━━━ Supplied material ━━━

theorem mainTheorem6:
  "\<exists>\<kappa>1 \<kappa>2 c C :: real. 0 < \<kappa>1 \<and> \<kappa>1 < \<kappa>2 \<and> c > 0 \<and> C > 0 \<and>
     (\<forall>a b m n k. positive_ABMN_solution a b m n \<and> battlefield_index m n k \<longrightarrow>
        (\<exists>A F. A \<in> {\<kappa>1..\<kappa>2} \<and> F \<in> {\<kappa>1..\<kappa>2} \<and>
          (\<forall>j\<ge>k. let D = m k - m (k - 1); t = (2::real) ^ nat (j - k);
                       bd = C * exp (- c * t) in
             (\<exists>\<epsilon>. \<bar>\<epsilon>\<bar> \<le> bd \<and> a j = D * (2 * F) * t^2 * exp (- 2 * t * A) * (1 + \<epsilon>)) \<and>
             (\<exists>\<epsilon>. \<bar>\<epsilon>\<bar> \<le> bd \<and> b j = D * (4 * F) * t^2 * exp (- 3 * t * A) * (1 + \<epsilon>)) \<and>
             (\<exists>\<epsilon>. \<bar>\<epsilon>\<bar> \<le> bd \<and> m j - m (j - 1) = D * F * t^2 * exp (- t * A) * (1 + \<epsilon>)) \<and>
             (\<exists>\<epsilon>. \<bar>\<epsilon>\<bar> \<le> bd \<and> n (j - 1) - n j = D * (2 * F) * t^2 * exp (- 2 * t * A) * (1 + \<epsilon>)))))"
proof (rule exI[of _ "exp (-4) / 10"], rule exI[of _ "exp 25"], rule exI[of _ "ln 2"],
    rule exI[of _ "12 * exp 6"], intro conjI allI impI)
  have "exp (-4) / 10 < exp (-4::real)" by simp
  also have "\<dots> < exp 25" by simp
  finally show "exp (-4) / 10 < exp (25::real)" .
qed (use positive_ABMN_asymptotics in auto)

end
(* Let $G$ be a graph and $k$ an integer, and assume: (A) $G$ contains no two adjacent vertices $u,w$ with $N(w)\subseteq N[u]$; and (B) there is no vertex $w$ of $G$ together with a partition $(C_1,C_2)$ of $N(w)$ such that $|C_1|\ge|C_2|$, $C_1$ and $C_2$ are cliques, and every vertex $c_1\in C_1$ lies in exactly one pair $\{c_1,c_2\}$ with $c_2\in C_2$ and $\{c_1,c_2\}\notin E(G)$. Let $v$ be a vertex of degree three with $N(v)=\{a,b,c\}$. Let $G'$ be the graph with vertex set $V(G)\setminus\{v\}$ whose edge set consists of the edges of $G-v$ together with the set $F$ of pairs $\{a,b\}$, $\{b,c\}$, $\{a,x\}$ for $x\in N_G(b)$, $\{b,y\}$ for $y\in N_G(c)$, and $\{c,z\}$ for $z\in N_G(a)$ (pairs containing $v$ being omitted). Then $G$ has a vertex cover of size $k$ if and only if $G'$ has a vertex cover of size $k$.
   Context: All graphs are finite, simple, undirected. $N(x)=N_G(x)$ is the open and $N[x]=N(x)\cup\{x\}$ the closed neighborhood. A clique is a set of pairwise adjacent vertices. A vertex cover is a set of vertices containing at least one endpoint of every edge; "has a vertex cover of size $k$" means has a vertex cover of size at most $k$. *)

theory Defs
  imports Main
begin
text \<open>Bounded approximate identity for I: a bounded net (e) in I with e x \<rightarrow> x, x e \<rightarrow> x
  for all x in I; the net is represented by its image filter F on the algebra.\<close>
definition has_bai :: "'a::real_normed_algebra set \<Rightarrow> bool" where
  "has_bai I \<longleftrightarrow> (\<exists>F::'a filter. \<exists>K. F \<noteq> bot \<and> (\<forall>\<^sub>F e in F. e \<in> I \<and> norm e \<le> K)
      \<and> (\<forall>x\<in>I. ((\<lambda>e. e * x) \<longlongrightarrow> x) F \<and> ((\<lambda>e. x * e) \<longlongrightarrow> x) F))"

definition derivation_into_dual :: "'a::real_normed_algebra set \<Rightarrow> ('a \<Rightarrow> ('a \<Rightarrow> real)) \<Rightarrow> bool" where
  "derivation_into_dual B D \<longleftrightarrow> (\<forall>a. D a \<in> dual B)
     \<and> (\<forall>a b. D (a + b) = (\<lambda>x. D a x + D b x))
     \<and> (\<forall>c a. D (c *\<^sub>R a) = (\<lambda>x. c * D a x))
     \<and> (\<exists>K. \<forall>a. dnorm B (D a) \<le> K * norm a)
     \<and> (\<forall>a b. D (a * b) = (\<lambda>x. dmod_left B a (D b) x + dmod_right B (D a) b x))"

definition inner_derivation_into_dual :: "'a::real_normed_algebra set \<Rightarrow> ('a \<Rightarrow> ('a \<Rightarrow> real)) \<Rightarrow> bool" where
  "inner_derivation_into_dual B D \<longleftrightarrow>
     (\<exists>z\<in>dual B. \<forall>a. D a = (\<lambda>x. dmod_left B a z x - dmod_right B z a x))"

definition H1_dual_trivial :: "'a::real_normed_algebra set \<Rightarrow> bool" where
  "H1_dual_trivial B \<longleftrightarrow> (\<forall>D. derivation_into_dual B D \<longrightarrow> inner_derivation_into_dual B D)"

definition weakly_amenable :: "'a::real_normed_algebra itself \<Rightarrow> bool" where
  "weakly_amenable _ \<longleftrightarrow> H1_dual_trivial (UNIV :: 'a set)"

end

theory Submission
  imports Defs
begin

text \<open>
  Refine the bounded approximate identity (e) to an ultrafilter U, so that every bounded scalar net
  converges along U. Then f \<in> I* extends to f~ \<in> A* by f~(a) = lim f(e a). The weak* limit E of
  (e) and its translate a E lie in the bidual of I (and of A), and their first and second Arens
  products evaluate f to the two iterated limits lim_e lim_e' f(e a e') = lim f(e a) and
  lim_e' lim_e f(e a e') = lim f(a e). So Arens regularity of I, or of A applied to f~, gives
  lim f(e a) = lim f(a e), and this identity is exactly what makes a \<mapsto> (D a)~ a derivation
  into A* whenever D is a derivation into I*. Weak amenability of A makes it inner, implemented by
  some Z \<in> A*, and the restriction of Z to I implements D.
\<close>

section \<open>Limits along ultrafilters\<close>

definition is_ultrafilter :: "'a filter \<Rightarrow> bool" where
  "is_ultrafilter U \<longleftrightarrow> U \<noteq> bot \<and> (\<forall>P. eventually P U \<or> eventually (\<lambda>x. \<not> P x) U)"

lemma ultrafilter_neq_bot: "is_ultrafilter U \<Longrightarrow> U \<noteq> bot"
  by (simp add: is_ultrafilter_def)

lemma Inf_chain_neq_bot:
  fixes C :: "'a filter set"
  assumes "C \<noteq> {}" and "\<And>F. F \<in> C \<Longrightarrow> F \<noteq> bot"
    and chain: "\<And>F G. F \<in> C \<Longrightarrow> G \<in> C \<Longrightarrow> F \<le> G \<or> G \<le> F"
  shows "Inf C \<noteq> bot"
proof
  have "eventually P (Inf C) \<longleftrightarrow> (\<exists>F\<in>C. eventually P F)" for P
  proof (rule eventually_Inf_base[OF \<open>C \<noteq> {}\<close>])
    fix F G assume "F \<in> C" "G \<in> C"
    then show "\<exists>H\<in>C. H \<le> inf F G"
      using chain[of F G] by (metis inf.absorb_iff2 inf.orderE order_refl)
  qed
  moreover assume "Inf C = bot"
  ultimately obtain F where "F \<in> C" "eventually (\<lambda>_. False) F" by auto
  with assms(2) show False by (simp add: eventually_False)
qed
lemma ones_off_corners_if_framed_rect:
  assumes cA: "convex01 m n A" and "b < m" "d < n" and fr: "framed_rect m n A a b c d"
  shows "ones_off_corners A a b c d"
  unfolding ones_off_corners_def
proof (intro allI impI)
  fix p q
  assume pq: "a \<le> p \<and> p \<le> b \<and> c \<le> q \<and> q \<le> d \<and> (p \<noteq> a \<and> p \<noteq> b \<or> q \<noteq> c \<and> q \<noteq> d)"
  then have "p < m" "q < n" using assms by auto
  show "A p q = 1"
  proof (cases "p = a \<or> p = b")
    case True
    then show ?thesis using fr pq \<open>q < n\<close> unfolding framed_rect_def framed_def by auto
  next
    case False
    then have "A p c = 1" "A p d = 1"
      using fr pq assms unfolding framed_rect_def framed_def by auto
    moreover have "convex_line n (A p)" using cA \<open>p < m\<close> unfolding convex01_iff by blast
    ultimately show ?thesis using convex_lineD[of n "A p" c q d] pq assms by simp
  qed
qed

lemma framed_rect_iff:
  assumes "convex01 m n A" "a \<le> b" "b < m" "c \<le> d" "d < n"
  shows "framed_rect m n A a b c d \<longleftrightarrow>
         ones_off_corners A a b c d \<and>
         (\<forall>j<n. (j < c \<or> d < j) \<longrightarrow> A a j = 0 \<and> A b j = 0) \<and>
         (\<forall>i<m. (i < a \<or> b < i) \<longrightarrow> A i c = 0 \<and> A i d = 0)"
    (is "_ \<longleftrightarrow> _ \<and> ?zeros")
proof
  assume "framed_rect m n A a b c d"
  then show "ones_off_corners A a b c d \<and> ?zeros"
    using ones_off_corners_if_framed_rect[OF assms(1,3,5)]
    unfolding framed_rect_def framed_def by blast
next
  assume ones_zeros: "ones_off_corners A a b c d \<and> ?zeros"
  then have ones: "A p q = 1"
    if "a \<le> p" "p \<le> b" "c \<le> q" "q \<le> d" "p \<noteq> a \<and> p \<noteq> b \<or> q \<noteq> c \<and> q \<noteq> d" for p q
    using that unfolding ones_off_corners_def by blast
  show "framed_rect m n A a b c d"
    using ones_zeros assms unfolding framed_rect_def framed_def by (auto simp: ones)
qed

━━━

What this task involves: Tell how many lines of the records above hold the string "ultimately". Give no other text.

Answer to this task: 2